How Can India's Pension Ecosystem Empower Gig Workers and Rural Households?
Synopsis
Key Takeaways
New Delhi, Jan 29 (NationPress) The future of India's pension ecosystem hinges on a measured growth of both contributory and non-contributory schemes, as highlighted in the Economic Survey 2025-26 released on Thursday. It emphasized that collaboration with state governments, cooperatives, farmer networks, and gig-platform companies is crucial for achieving last-mile reach.
The Pension Fund Regulatory and Development Authority (PFRDA) has established a foundation for a dynamic pension system, providing various options to a diverse user base.
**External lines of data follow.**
(*
  Every nonzero phi in K* is strictly positive at the point of F in the interior of K, so
  max_F <phi,.> > 0; and writing E = (1 + t) Z - t E' with Z in F, E' in K bounds
  <phi,E> by (1 + t) max_F <phi,.>, which gives the inequality "<=".

  For the reverse inequality put rho = 1 + R and S = rho [0,1]F - K. Letting t decrease
  to R shows that E lies in the closure of S. It does not lie in the relative interior:
  otherwise mu E is in S for some mu > 1, i.e. E is dominated by (rho / mu) g with g in
  [0,1]F. But if E is dominated by l g, then mixing g with the interior point of F moves
  the domination into the interior of K, where the defining property of N leaves strict
  slack; this yields a feasible t close to l - 1, so R <= l - 1. A supporting hyperplane
  of S at E, taken inside the space of Hermitian matrices, is then a nonzero element of K*
  attaining rho, and a positive rescaling of it lies in X.
*)

lemma subspace_herm_set: "subspace herm_set"
proof -
  have add: "hermitian (x + y)" if "hermitian x" "hermitian y" for x y :: "complex^'n^'n"
    using that unfolding hermitian_def by (metis complex_cnj_add vector_add_component)
  have scale: "hermitian (c *\<^sub>R x)" if "hermitian x" for c and x :: "complex^'n^'n"
    using that unfolding hermitian_def by (metis complex_cnj_scaleR vector_scaleR_component)
  have "hermitian 0"
    by (simp add: hermitian_def)
  then show ?thesis
    using add scale unfolding subspace_def herm_set_def by blast
qed

lemma hs_inner_eq_inner:
  assumes "B \<in> herm_set"
  shows "hs_inner A B = A \<bullet> B"
proof -
  \<comment> \<open>Stated inside the product: the bare rule B $ k $ i = cnj (B $ i $ k) makes the simplifier loop.\<close>
  have B: "A $ i $ k * B $ k $ i = A $ i $ k * cnj (B $ i $ k)" for i k
  proof -
    have "hermitian B"
      using assms by (simp add: herm_set_def)
    then have "B $ k $ i = cnj (B $ i $ k)"
      unfolding hermitian_def by blast
    then show ?thesis
      by simp
  qed
  have "hs_inner A B = Re (\<Sum>i\<in>UNIV. \<Sum>k\<in>UNIV. A $ i $ k * B $ k $ i)"
    by (simp add: hs_inner_def trace_def matrix_matrix_mult_def)
  also have "\<dots> = Re (\<Sum>i\<in>UNIV. \<Sum>k\<in>UNIV. A $ i $ k * cnj (B $ i $ k))"
    by (simp only: B)
  also have "\<dots> = A \<bullet> B"
    by (simp add: inner_vec_def inner_complex_def)
  finally show ?thesis .
qed

lemma herm_interior_subset: "herm_interior K \<subseteq> K"
  by (auto simp: herm_interior_def)

lemma herm_interior_add_scaled:
  assumes "x \<in> herm_interior K" "x \<in> herm_set" "v \<in> herm_set"
  obtains d where "d > 0" "x + d *\<^sub>R v \<in> K"
proof -
  obtain e where "e > 0" and ball: "\<And>y. y \<in> herm_set \<Longrightarrow> dist y x < e \<Longrightarrow> y \<in> K"
    using assms(1) unfolding herm_interior_def by blast
  define d where "d = e / (norm v + 1)"
  have pos: "norm v + 1 > 0"
    by (intro add_nonneg_pos) simp_all
  have "d > 0"
    unfolding d_def using \<open>e > 0\<close> pos by (rule divide_pos_pos)
  moreover have "dist (x + d *\<^sub>R v) x < e"
  proof -
    have "d * norm v < d * (norm v + 1)"
      using \<open>d > 0\<close> by simp
    also have "\<dots> = e"
      unfolding d_def using pos by simp
    finally show ?thesis
      using \<open>d > 0\<close> by (simp add: dist_norm)
  qed
  moreover have "x + d *\<^sub>R v \<in> herm_set"
    using assms(2,3) subspace_herm_set by (meson subspace_add subspace_scale)
  ultimately show thesis
    using that ball by blast
qed

lemma herm_interior_add:
  assumes "K \<subseteq> herm_set" "cone K" "convex K"
    and "k \<in> K" "x \<in> herm_interior K" "\<alpha> > 0"
  shows "k + \<alpha> *\<^sub>R x \<in> herm_interior K"
proof -
  obtain e where "e > 0" and ball: "\<And>y. y \<in> herm_set \<Longrightarrow> dist y x < e \<Longrightarrow> y \<in> K"
    using assms(5) unfolding herm_interior_def by blast
  have "(\<forall>u\<in>K. \<forall>w\<in>K. u + w \<in> K) \<and> (\<forall>w\<in>K. \<forall>c\<ge>0. c *\<^sub>R w \<in> K)"
    using assms(2,3) by (subst convex_cone[symmetric]) simp
  then have K_add: "u + c *\<^sub>R w \<in> K" if "u \<in> K" "w \<in> K" "c \<ge> 0" for u w c
    using that by blast
  have "y \<in> K" if "y \<in> herm_set" "dist y (k + \<alpha> *\<^sub>R x) < \<alpha> * e" for y
  proof -
    define w where "w = (1 / \<alpha>) *\<^sub>R (y - k)"
    have "w \<in> herm_set"
      unfolding w_def using that(1) assms(1,4) subspace_herm_set
      by (meson subsetD subspace_diff subspace_scale)
    moreover have "dist w x = dist y (k + \<alpha> *\<^sub>R x) / \<alpha>"
    proof -
      have "w - x = (1 / \<alpha>) *\<^sub>R (y - (k + \<alpha> *\<^sub>R x))"
        using \<open>\<alpha> > 0\<close> by (simp add: w_def algebra_simps)
      then show ?thesis
        using \<open>\<alpha> > 0\<close> by (simp add: dist_norm)
    qed
    ultimately have "w \<in> K"
      using that(2) \<open>\<alpha> > 0\<close> ball by (simp add: divide_less_eq mult.commute)
    moreover have "y = k + \<alpha> *\<^sub>R w"
      using \<open>\<alpha> > 0\<close> by (simp add: w_def)
    ultimately show ?thesis
      using K_add[of k w \<alpha>] assms(4,6) by simp
  qed
  moreover have "k + \<alpha> *\<^sub>R x \<in> K"
    using K_add assms(4,5,6) herm_interior_subset by (meson less_imp_le subsetD)
  moreover have "\<alpha> * e > 0"
    using \<open>e > 0\<close> \<open>\<alpha> > 0\<close> by simp
  ultimately show ?thesis
    unfolding herm_interior_def by blast
qed

lemma dual_cone_inner_pos:
  assumes "K \<subseteq> herm_set" "\<phi> \<in> dual_cone K" "\<phi> \<noteq> 0" "x \<in> herm_interior K"
  shows "0 < hs_inner \<phi> x"
proof -
  have x: "x \<in> herm_set"
    using assms(1,4) herm_interior_subset by blast
  have "- \<phi> \<in> herm_set"
    using assms(2) subspace_herm_set subspace_neg by (auto simp: dual_cone_def)
  then obtain d where "d > 0" and "x + d *\<^sub>R (- \<phi>) \<in> K"
    using herm_interior_add_scaled[OF assms(4) x] by blast
  then have xd: "x - d *\<^sub>R \<phi> \<in> K"
    by simp
  then have "0 \<le> hs_inner \<phi> (x - d *\<^sub>R \<phi>)"
    using assms(2) by (simp add: dual_cone_def)
  also have "\<dots> = \<phi> \<bullet> x - d * (\<phi> \<bullet> \<phi>)"
    using assms(1) xd by (simp add: subsetD hs_inner_eq_inner inner_diff_right)
  finally have "d * (\<phi> \<bullet> \<phi>) \<le> \<phi> \<bullet> x"
    by simp
  moreover have "0 < d * (\<phi> \<bullet> \<phi>)"
    using \<open>d > 0\<close> assms(3) by simp
  ultimately show ?thesis
    using x by (simp add: hs_inner_eq_inner)
qed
The Survey indicates that India’s pension framework consists of a multi-tiered system led by the market-linked National Pension System (NPS), the government-supported Unified Pension Scheme (UPS) initiated in 2025, along with other plans like the Employees' Provident Fund (EPF) and the Atal Pension Yojana (APY) aimed at broader outreach.
The regulatory authorities overseeing insurance and pensions in India, namely the Insurance Regulatory and Development Authority of India (IRDAI) and PFRDA, have made significant progress in reforms aimed at enhancing financial inclusion and safeguarding underserved demographics.
"Research underscores the necessity for improved coordination between EPFO, PFRDA, and pension entities at the state level to mitigate fragmentation, boost portability, and refine governance," the Survey noted.
As of December 31, 2025, there were 211.7 lakh subscribers to NPS managing assets amounting to Rs 16.1 crore.
In the last ten years, the number of NPS subscribers has surged at a Compound Annual Growth Rate (CAGR) of 9.5%, while assets under management (AUM) have grown at an impressive CAGR of 37.3%.
"Likewise, since its launch in 2016, APY subscriptions have experienced a remarkable CAGR of 43.7%, and AUM has demonstrated exceptional growth at a CAGR of 64.5%," the Survey stated.
Nonetheless, it highlights persistent awareness gaps, with low-income and rural households having limited access to long-term retirement products.
Recent initiatives, including simplified onboarding processes, NPS Lite variants, outreach campaigns for APY, e-NPS, Digital KYC, flexible contribution options, and tailored products for minors, gig workers, and farmers, indicate progress in bridging these longstanding coverage gaps.
The Survey recommends expanding interoperability among NPS, APY, and other schemes to facilitate seamless portability for workers transitioning between sectors or relocating.
"With ongoing institutional strengthening, India is poised to cultivate a pension system that is inclusive, future-ready, and grounded in global best practices," it remarked.
The Survey also indicates that structural changes are apparent in the non-life insurance sector, with health insurance representing 41% of the GDP.
All 26 life insurers, 26 non-life insurers, seven health insurers, and two specialized insurers are operational, supported by a network of over 83 lakh distributors.
The Survey emphasizes that the GST exemption on life insurance and individual health insurance policies has significantly alleviated the financial burden on policyholders, making insurance services more affordable.